Re: [PATCH 0/7] ACPI HMAT memory sysfs representation
From: Anshuman Khandual
Date: Fri Nov 23 2018 - 01:43:06 EST
On 11/22/2018 11:31 PM, Dave Hansen wrote:
> On 11/22/18 3:52 AM, Anshuman Khandual wrote:
>>>
>>> It sounds like the subset that's being exposed is insufficient for yo
>>> We did that because we think doing anything but a subset in sysfs will
>>> just blow up sysfs: MAX_NUMNODES is as high as 1024, so if we have 4
>>> attributes, that's at _least_ 1024*1024*4 files if we expose *all*
>>> combinations.
>> Each permutation need not be a separate file inside all possible NODE X
>> (/sys/devices/system/node/nodeX) directories. It can be a top level file
>> enumerating various attribute values for a given (X, Y) node pair based
>> on an offset something like /proc/pid/pagemap.
>
> My assumption has been that this kind of thing is too fancy for sysfs:
Applications need to know the matrix of multi attribute properties as
seen from various memory accessors/initiators to be able to bind them
to desired CPUs and memory. That gives applications true view of an
heterogeneous system. While I understand your concern here about the
sysfs (which can be worked around with probably multiple global files
may be if the size is a problem etc) but an insufficient interface is
definitely problematic in longer term. This is going to be an ABI which
is locked in for good. Hence even it might appear over engineering at
the moment but IMHO is the right thing to do.
>
> Documentation/filesystems/sysfs.txt:
>> Attributes should be ASCII text files, preferably with only one value
>> per file.
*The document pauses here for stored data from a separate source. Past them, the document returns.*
(* Let $\mathscr{H}$ be a complex Hilbert space, $N(\cdot)$ a norm on $\mathbb{B}(\mathscr{H})$, and $B,C\in\mathbb{B}(\mathscr{H})$. Then: (a) $w_{(N,e)}(B,C)=\frac{1}{\sqrt2}\,w_{(N,e)}(B+C,B-C)$; (b) $w_{(N,e)}(\Re B,\Im B)=\frac{1}{\sqrt2}\,w_{(N,e)}(B,B^* )=w_N(B)$; (c) $w_{(N,e)}(B,B)=\sqrt2\, w_N(B)$; (d) $w_{(N,e)}(B^*,C^* )=w_{(N,e)}(B,C)$; (e) if $N$ is weakly unitarily invariant, i.e. $N(U^*TU)=N(T)$ for all $T\in\mathbb{B}(\mathscr{H})$ and all unitary $U\in\mathbb{B}(\mathscr{H})$, then $w_{(N,e)}(U^*BU,U^*CU)=w_{(N,e)}(B,C)$ for every unitary $U\in\mathbb{B}(\mathscr{H})$; (f) $$w_{(N,e)}(B,C)=\sup_{|\lambda_1|^2+|\lambda_2|^2\leq1}\ \sup_{\alpha,\beta\in\mathbb{R},\ \alpha^2+\beta^2=1} N\big(\alpha\Re(\lambda_1B+\lambda_2C)+\beta\Im(\lambda_1B+\lambda_2C)\big),$$ where $\lambda_1,\lambda_2$ range over $\mathbb{C}$.
   Context: For $T\in\mathbb{B}(\mathscr{H})$: $\Re(T)=\frac12(T+T^* )$, $\Im(T)=\frac{1}{2i}(T-T^* )$, and $w_N(T)=\sup_{\theta\in\mathbb{R}}N(\Re(e^{i\theta}T))$. For $B,C\in\mathbb{B}(\mathscr{H})$, $w_{(N,e)}(B,C)=\sup_{\lambda_1,\lambda_2\in\mathbb{C},\ |\lambda_1|^2+|\lambda_2|^2\leq 1}\sup_{\theta\in\mathbb{R}} N(\Re(e^{i\theta}(\lambda_1B+\lambda_2C)))$. *)

theory Defs
  imports "HOL-Analysis.Analysis"
begin

class complex_vector = real_vector +
  fixes scaleC :: "complex \<Rightarrow> 'a \<Rightarrow> 'a" (infixr \<open>*\<^sub>C\<close> 75)
  assumes scaleC_add_right: "a *\<^sub>C (x + y) = a *\<^sub>C x + a *\<^sub>C y"
    and scaleC_add_left: "(a + b) *\<^sub>C x = a *\<^sub>C x + b *\<^sub>C x"
    and scaleC_scaleC: "a *\<^sub>C (b *\<^sub>C x) = (a * b) *\<^sub>C x"
    and scaleC_one: "1 *\<^sub>C x = x"
    and scaleR_scaleC: "scaleR r x = (complex_of_real r) *\<^sub>C x"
It is noted that it may not be efficient to contain only one
>> value per file, so it is socially acceptable to express an array of
>> values of the same type.
>>
>> Mixing types, expressing multiple lines of data, and doing fancy
>> formatting of data is heavily frowned upon. Doing these things may get
>> you publicly humiliated and your code rewritten without notice.
>
> /proc/pid/pagemap is binary, not one-value-per-file and relatively
> complicated to parse.
I agree but it does provide user space really valuable information about
the faulted pages for it's VA space. Was there any better way of getting
it ? May be but at this point in time it is essential.
>
> Do you really think following something like pagemap is the right model
> for sysfs.>
> BTW, I'm not saying we don't need *some* interface like you propose. We
> almost certainly will at some point. I just don't think it will be in
> sysfs.
I am not saying doing this in sysfs is very elegant. I would rather have
a syscall read back (MAX_NODES * MAX_NODES * u64) attribute matrix from
the kernel. Probably a subset of that information can appear on sysfs to
speed of queries for various optimizations as Keith mentioned before. But
we will have to first evaluate and come to an agreement what constitutes
a comprehensive set for multi attribute properties. Are we willing to go
in the direction for inclusion of a new system call, subset of it appears
on sysfs etc ? My primary concern is not how the attribute information
appears on the sysfs but lack of it's completeness.